■ Aim of the exercise: Once you find the line with "cComp C g f \<in>" in the entries below, return exactly every line from it through the line with "(\<forall>f\<in>cArr C. cComp".

■ Supplied records:
- - -

(* Let $\mathcal{F}=(I,\mathcal{A}=(A_i)_{i\in I},R,i_0,(\Delta_i,\delta_i)_{i\neq i_0})$ be an interactive family, with $A_i=(\tau_i:(\alpha_i:\mathbf{C}_i\rightharpoondown\mathbf{P}^{L_i})\looparrowright\mathbf{h}_i)$. Let $\mathbf{B}=\mathbf{C}_{i_0}$ and $M=\mathrm{Im}(rb(R))$. Define a graphical multi-dynamics $\beta$ with motor the underlying graph of $\mathbf{B}$ and parameter set $M$ by: for every object $S$ of $\mathbf{B}$, $$S^\beta=\Big\{(a_i)_{i\in I}\in S^{\alpha_{i_0}}\times\prod_{i\neq i_0}(\Delta_iS)^{\alpha_i}\ :\ \forall i\neq i_0,\ \tau_i(a_i)=\delta_i(\tau_{i_0}(a_{i_0}))\Big\},$$ and for every arrow $e:S\to T$ of $\mathbf{B}$, every $a=(a_i)_{i\in I}\in S^\beta$ and every $\mu\in M$, $e^\beta_\mu(a)$ is the set of $b=(b_i)_{i\in I}\in T^\beta$ such that (1) $\tau_{i_0}(b_{i_0})=e^{\mathbf{h}_{i_0}}(\tau_{i_0}(a_{i_0}))$, and (2) there exists $(\mathfrak{a}_i)_{i\in I}\in rb(R)^{-1}(\mu)$ such that for every $i\in I$, $\mathfrak{a}_i\rhd a_i$ and $\mathfrak{a}_i\rhd b_i$. Then $\beta$ is a sub-functorial multi-dynamics $\mathbf{C}_{i_0}\rightharpoondown\mathbf{P}^M$.
   Context: Transitions: a transition $f:A\rightsquigarrow B$ is a map $A\to\mathcal{P}(B)$; $(g\odot f)(a)=\bigcup_{b\in f(a)}g(b)$; $u\subset v$ means pointwise inclusion; $\mathrm{Id}_A(a)=\{a\}$. Sub-functorial multi-dynamics $\alpha:\mathbf{C}\rightharpoondown\mathbf{P}^L$ ($\mathbf{C}$ small category, $L$ nonempty set): sets $S^\alpha$ for objects $S$, pairwise disjoint, and for each arrow $f:S\to T$ transitions $f^\alpha_\lambda:S^\alpha\rightsquigarrow T^\alpha$ ($\lambda\in L$) with $(\mathrm{Id}_S)^\alpha_\lambda\subset\mathrm{Id}_{S^\alpha}$ and $(g\circ f)^\alpha_\lambda\subset g^\alpha_\lambda\odot f^\alpha_\lambda$. A graphical multi-dynamics is the same data without these two conditions. $st(\alpha)=\bigcup_S S^\alpha$. Clock: a functor $\mathbf{h}:\mathbf{C}\to\mathbf{Sets}$ with $S^{\mathbf{h}}=\mathbf{h}(S)$ pairwise disjoint for distinct objects; its elements (instants) $st(\mathbf{h})=\bigcup_S S^{\mathbf h}$ are preordered by $s\le_{\mathbf h}t$ iff $t=e^{\mathbf h}(s)$ for some arrow $e$. Open sub-functorial dynamics $A=(\tau:(\alpha:\mathbf{C}\rightharpoondown\mathbf{P}^L)\looparrowright\mathbf{h})$: a sub-functorial multi-dynamics $\alpha$, a clock $\mathbf{h}$ on the same $\mathbf{C}$, and a map $\tau:st(\alpha)\to st(\mathbf{h})$ with $\tau(S^\alpha)\subset S^{\mathbf h}$ and, for every arrow $e:S\to T$, $\lambda\in L$, $a\in S^\alpha$ and $b\in e^\alpha_\lambda(a)$, $\tau(b)=e^{\mathbf h}(\tau(a))$. Realization of $A$: a pair $(\lambda,\mathfrak{a})$ with $\lambda\in L$ and $\mathfrak{a}$ a partial function from $st(\mathbf h)$ to $st(\alpha)$ with domain $D_{\mathfrak a}$ such that $\tau(\mathfrak a(t))=t$ for $t\in D_{\mathfrak a}$; $\mathfrak a(t)\in S^\alpha$ whenever $t\in S^{\mathbf h}\cap D_{\mathfrak a}$; and for every arrow $f:S\to T$ and $t\in S^{\mathbf h}$, if $f^{\mathbf h}(t)\in D_{\mathfrak a}$ then $t\in D_{\mathfrak a}$ and $\mathfrak a(f^{\mathbf h}(t))\in f^\alpha_\lambda(\mathfrak a(t))$. $\mathfrak a$ is the external part; $\mathcal{S}^*_{(A,\lambda)}$ denotes the set of nonempty external parts of realizations with parameter $\lambda$, and $\mathcal{S}^*_A=\bigcup_\lambda\mathcal{S}^*_{(A,\lambda)}$. $A$ is efficient if $\mathcal{S}^*_A\neq\emptyset$. $\mathfrak a\rhd a$ ("passes through the state $a$") means $\tau(a)\in D_{\mathfrak a}$ and $\mathfrak a(\tau(a))=a$. Interaction: for a family $\mathcal{A}=(A_i)_{i\in I}$ ($I\neq\emptyset$) of efficient open sub-functorial dynamics with parameter sets $L_i$ and $\mathcal{S}^*_i=\mathcal{S}^*_{A_i}$, a configuration is a family $((\sigma_i,\lambda_i))_{i\in I}$ with $\lambda_i\in L_i$ and $\sigma_i\in\mathcal{S}^*_{(A_i,\lambda_i)}$ for all $i$. An interaction $R$ is a nonempty set of configurations. $rb(R)$ is the binary relation from $\prod_i\mathcal{S}^*_i$ to $\prod_iL_i$ relating $(\sigma_i)_i$ to $(\lambda_i)_i$ iff $((\sigma_i,\lambda_i))_i\in R$; $\mathrm{Im}(rb(R))$ is the set of $(\lambda_i)_i$ so related to some $(\sigma_i)_i$, and $rb(R)^{-1}(\mu)$ is the set of $(\sigma_i)_i$ related to $\mu$. Synchronization of $A_1$ by $A_0$ (written $(\Delta_1,\delta_1):\mathbf h_0\Rsh\mathbf h_1$): a map $\Delta_1$ from objects of $\mathbf{C}_0$ to objects of $\mathbf{C}_1$ and a map $\delta_1:st(\mathbf h_0)\to st(\mathbf h_1)$ with $\delta_1(S^{\mathbf h_0})\subset(\Delta_1S)^{\mathbf h_1}$ for every object $S$, and $\delta_1$ monotone (either $s\le_{\mathbf h_0}t\Rightarrow\delta_1(s)\le_{\mathbf h_1}\delta_1(t)$ for all $s,t$, or $s\le_{\mathbf h_0}t\Rightarrow\delta_1(t)\le_{\mathbf h_1}\delta_1(s)$ for all $s,t$). Interactive family $(I,\mathcal A,R,i_0,(\Delta_i,\delta_i)_{i\neq i_0})$: nonempty set $I$, family $\mathcal A=(A_i)_{i\in I}$ of efficient open sub-functorial dynamics, an interaction $R$ for $\mathcal A$, an index $i_0\in I$, and synchronizations $(\Delta_i,\delta_i):\mathbf h_{i_0}\Rsh\mathbf h_i$ for $i\neq i_0$. *)

theory Defs
  imports "HOL-Library.FuncSet"
begin

record ('o, 'm) cat =
  cObj  :: "'o set"
  cArr  :: "'m set"
  cDom  :: "'m \<Rightarrow> 'o"
  cCod  :: "'m \<Rightarrow> 'o"
  cComp :: "'m \<Rightarrow> 'm \<Rightarrow> 'm"   (* cComp C g f = g o f *)
  cId   :: "'o \<Rightarrow> 'm"

definition category :: "('o, 'm) cat \<Rightarrow> bool" where
  "category C \<longleftrightarrow>
     (\<forall>f\<in>cArr C. cDom C f \<in> cObj C \<and> cCod C f \<in> cObj C) \<and>
     (\<forall>S\<in>cObj C. cId C S \<in> cArr C \<and> cDom C (cId C S) = S \<and> cCod C (cId C S) = S) \<and>
     (\<forall>f\<in>cArr C. \<forall>g\<in>cArr C. cCod C f = cDom C g \<longrightarrow>
        cComp C g f \<in> cArr C \<and> cDom C (cComp C g f) = cDom C f \<and> cCod C (cComp C g f) = cCod C g) \<and>
     (\<forall>f\<in>cArr C. cComp C f (cId C (cDom C f)) = f \<and> cComp C (cId C (cCod C f)) f = f) \<and>
     (\<forall>f\<in>cArr C. \<forall>g\<in>cArr C. \<forall>h\<in>cArr C. cCod C f = cDom C g \<longrightarrow> cCod C g = cDom C h \<longrightarrow>
        cComp C h (cComp C g f) = cComp C (cComp C h g) f)"

definition pairwise_disjoint_on :: "('o, 'm) cat \<Rightarrow> ('o \<Rightarrow> 'x set) \<Rightarrow> bool" where
  "pairwise_disjoint_on C X \<longleftrightarrow>
     (\<forall>S\<in>cObj C. \<forall>T\<in>cObj C. S \<noteq> T \<longrightarrow> X S \<inter> X T = {})"

definition graphical_md ::
  "('o, 'm) cat \<Rightarrow> 'l set \<Rightarrow> ('o \<Rightarrow> 's set) \<Rightarrow> ('m \<Rightarrow> 'l \<Rightarrow> 's \<Rightarrow> 's set) \<Rightarrow> bool" where
  "graphical_md C L St Tr \<longleftrightarrow>
     category C \<and> L \<noteq> {} \<and> pairwise_disjoint_on C St \<and>
     (\<forall>e\<in>cArr C. \<forall>l\<in>L. \<forall>a\<in>St (cDom C e). Tr e l a \<subseteq> St (cCod C e))"

definition subfunctorial_md ::
  "('o, 'm) cat \<Rightarrow> 'l set \<Rightarrow> ('o \<Rightarrow> 's set) \<Rightarrow> ('m \<Rightarrow> 'l \<Rightarrow> 's \<Rightarrow> 's set) \<Rightarrow> bool" where
  "subfunctorial_md C L St Tr \<longleftrightarrow>
     graphical_md C L St Tr \<and>
     (\<forall>S\<in>cObj C. \<forall>l\<in>L. \<forall>a\<in>St S. Tr (cId C S) l a \<subseteq> {a}) \<and>
     (\<forall>f\<in>cArr C. \<forall>g\<in>cArr C. cCod C f = cDom C g \<longrightarrow>
        (\<forall>l\<in>L. \<forall>a\<in>St (cDom C f). Tr (cComp C g f) l a \<subseteq> (\<Union>b\<in>Tr f l a. Tr g l b)))"

definition clock :: "('o, 'm) cat \<Rightarrow> ('o \<Rightarrow> 't set) \<Rightarrow> ('m \<Rightarrow> 't \<Rightarrow> 't) \<Rightarrow> bool" where
  "clock C hS hA \<longleftrightarrow>
     pairwise_disjoint_on C hS \<and>
     (\<forall>e\<in>cArr C. \<forall>t\<in>hS (cDom C e). hA e t \<in> hS (cCod C e)) \<and>
     (\<forall>S\<in>cObj C. \<forall>t\<in>hS S. hA (cId C S) t = t) \<and>
     (\<forall>f\<in>cArr C. \<forall>g\<in>cArr C. cCod C f = cDom C g \<longrightarrow>
        (\<forall>t\<in>hS (cDom C f). hA (cComp C g f) t = hA g (hA f t)))"

definition clock_st :: "('o, 'm) cat \<Rightarrow> ('o \<Rightarrow> 't set) \<Rightarrow> 't set" where
  "clock_st C hS = (\<Union>S\<in>cObj C. hS S)"

definition clock_le :: "('o, 'm) cat \<Rightarrow> ('o \<Rightarrow> 't set) \<Rightarrow> ('m \<Rightarrow> 't \<Rightarrow> 't) \<Rightarrow> 't \<Rightarrow> 't \<Rightarrow> bool" where
  "clock_le C hS hA s t \<longleftrightarrow> (\<exists>e\<in>cArr C. s \<in> hS (cDom C e) \<and> t = hA e s)"

record ('o, 'm, 's, 't, 'l) odyn =
  Cat  :: "('o, 'm) cat"
  Par  :: "'l set"
  St   :: "'o \<Rightarrow> 's set"
  Tr   :: "'m \<Rightarrow> 'l \<Rightarrow> 's \<Rightarrow> 's set"
  ClkS :: "'o \<Rightarrow> 't set"
  ClkA :: "'m \<Rightarrow> 't \<Rightarrow> 't"
  Tau  :: "'s \<Rightarrow> 't"

definition ostates :: "('o, 'm, 's, 't, 'l) odyn \<Rightarrow> 's set" where
  "ostates A = (\<Union>S\<in>cObj (Cat A). St A S)"

definition oinstants :: "('o, 'm, 's, 't, 'l) odyn \<Rightarrow> 't set" where
  "oinstants A = clock_st (Cat A) (ClkS A)"

definition open_dyn :: "('o, 'm, 's, 't, 'l) odyn \<Rightarrow> bool" where
  "open_dyn A \<longleftrightarrow>
     subfunctorial_md (Cat A) (Par A) (St A) (Tr A) \<and>
     clock (Cat A) (ClkS A) (ClkA A) \<and>
     (\<forall>S\<in>cObj (Cat A). Tau A ` St A S \<subseteq> ClkS A S) \<and>
     (\<forall>e\<in>cArr (Cat A). \<forall>l\<in>Par A. \<forall>a\<in>St A (cDom (Cat A) e). \<forall>b\<in>Tr A e l a.
        Tau A b = ClkA A e (Tau A a))"

definition realization :: "('o, 'm, 's, 't, 'l) odyn \<Rightarrow> 'l \<Rightarrow> ('t \<rightharpoonup> 's) \<Rightarrow> bool" where
  "realization A l a \<longleftrightarrow>
     l \<in> Par A \<and>
     dom a \<subseteq> oinstants A \<and> ran a \<subseteq> ostates A \<and>
     (\<forall>t\<in>dom a. Tau A (the (a t)) = t) \<and>
     (\<forall>S\<in>cObj (Cat A). \<forall>t\<in>ClkS A S \<inter> dom a. the (a t) \<in> St A S) \<and>
     (\<forall>f\<in>cArr (Cat A). \<forall>t\<in>ClkS A (cDom (Cat A) f).
        ClkA A f t \<in> dom a \<longrightarrow>
          t \<in> dom a \<and> the (a (ClkA A f t)) \<in> Tr A f l (the (a t)))"

definition ext_parts :: "('o, 'm, 's, 't, 'l) odyn \<Rightarrow> 'l \<Rightarrow> ('t \<rightharpoonup> 's) set" where
  "ext_parts A l = {a. realization A l a \<and> dom a \<noteq> {}}"

definition all_ext_parts :: "('o, 'm, 's, 't, 'l) odyn \<Rightarrow> ('t \<rightharpoonup> 's) set" where
  "all_ext_parts A = (\<Union>l\<in>Par A. ext_parts A l)"

definition efficient :: "('o, 'm, 's, 't, 'l) odyn \<Rightarrow> bool" where
  "efficient A \<longleftrightarrow> all_ext_parts A \<noteq> {}"

definition passes :: "('o, 'm, 's, 't, 'l) odyn \<Rightarrow> ('t \<rightharpoonup> 's) \<Rightarrow> 's \<Rightarrow> bool" where
  "passes A a x \<longleftrightarrow> Tau A x \<in> dom a \<and> a (Tau A x) = Some x"

definition configuration ::
  "'i set \<Rightarrow> ('i \<Rightarrow> ('o, 'm, 's, 't, 'l) odyn) \<Rightarrow> ('i \<Rightarrow> ('t \<rightharpoonup> 's) \<times> 'l) \<Rightarrow> bool" where
  "configuration I A c \<longleftrightarrow>
     c \<in> extensional I \<and>
     (\<forall>i\<in>I. snd (c i) \<in> Par (A i) \<and> fst (c i) \<in> ext_parts (A i) (snd (c i)))"

definition interaction ::
  "'i set \<Rightarrow> ('i \<Rightarrow> ('o, 'm, 's, 't, 'l) odyn) \<Rightarrow> ('i \<Rightarrow> ('t \<rightharpoonup> 's) \<times> 'l) set \<Rightarrow> bool" where
  "interaction I A R \<longleftrightarrow> R \<noteq> {} \<and> (\<forall>c\<in>R. configuration I A c)"

definition rb_image :: "'i set \<Rightarrow> ('i \<Rightarrow> ('t \<rightharpoonup> 's) \<times> 'l) set \<Rightarrow> ('i \<Rightarrow> 'l) set" where
  "rb_image I R = {mu. \<exists>sigma. (\<lambda>i\<in>I. (sigma i, mu i)) \<in> R \<and> sigma \<in> extensional I \<and> mu \<in> extensional I}"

- - -

■ Result of the exercise:
        cComp C g f \<in> cArr C \<and> cDom C (cComp C g f) = cDom C f \<and> cCod C (cComp C g f) = cCod C g) \<and>
     (\<forall>f\<in>cArr C. cComp C f (cId C (cDom C f)) = f \<and> cComp C (cId C (cCod C f)) f = f) \<and>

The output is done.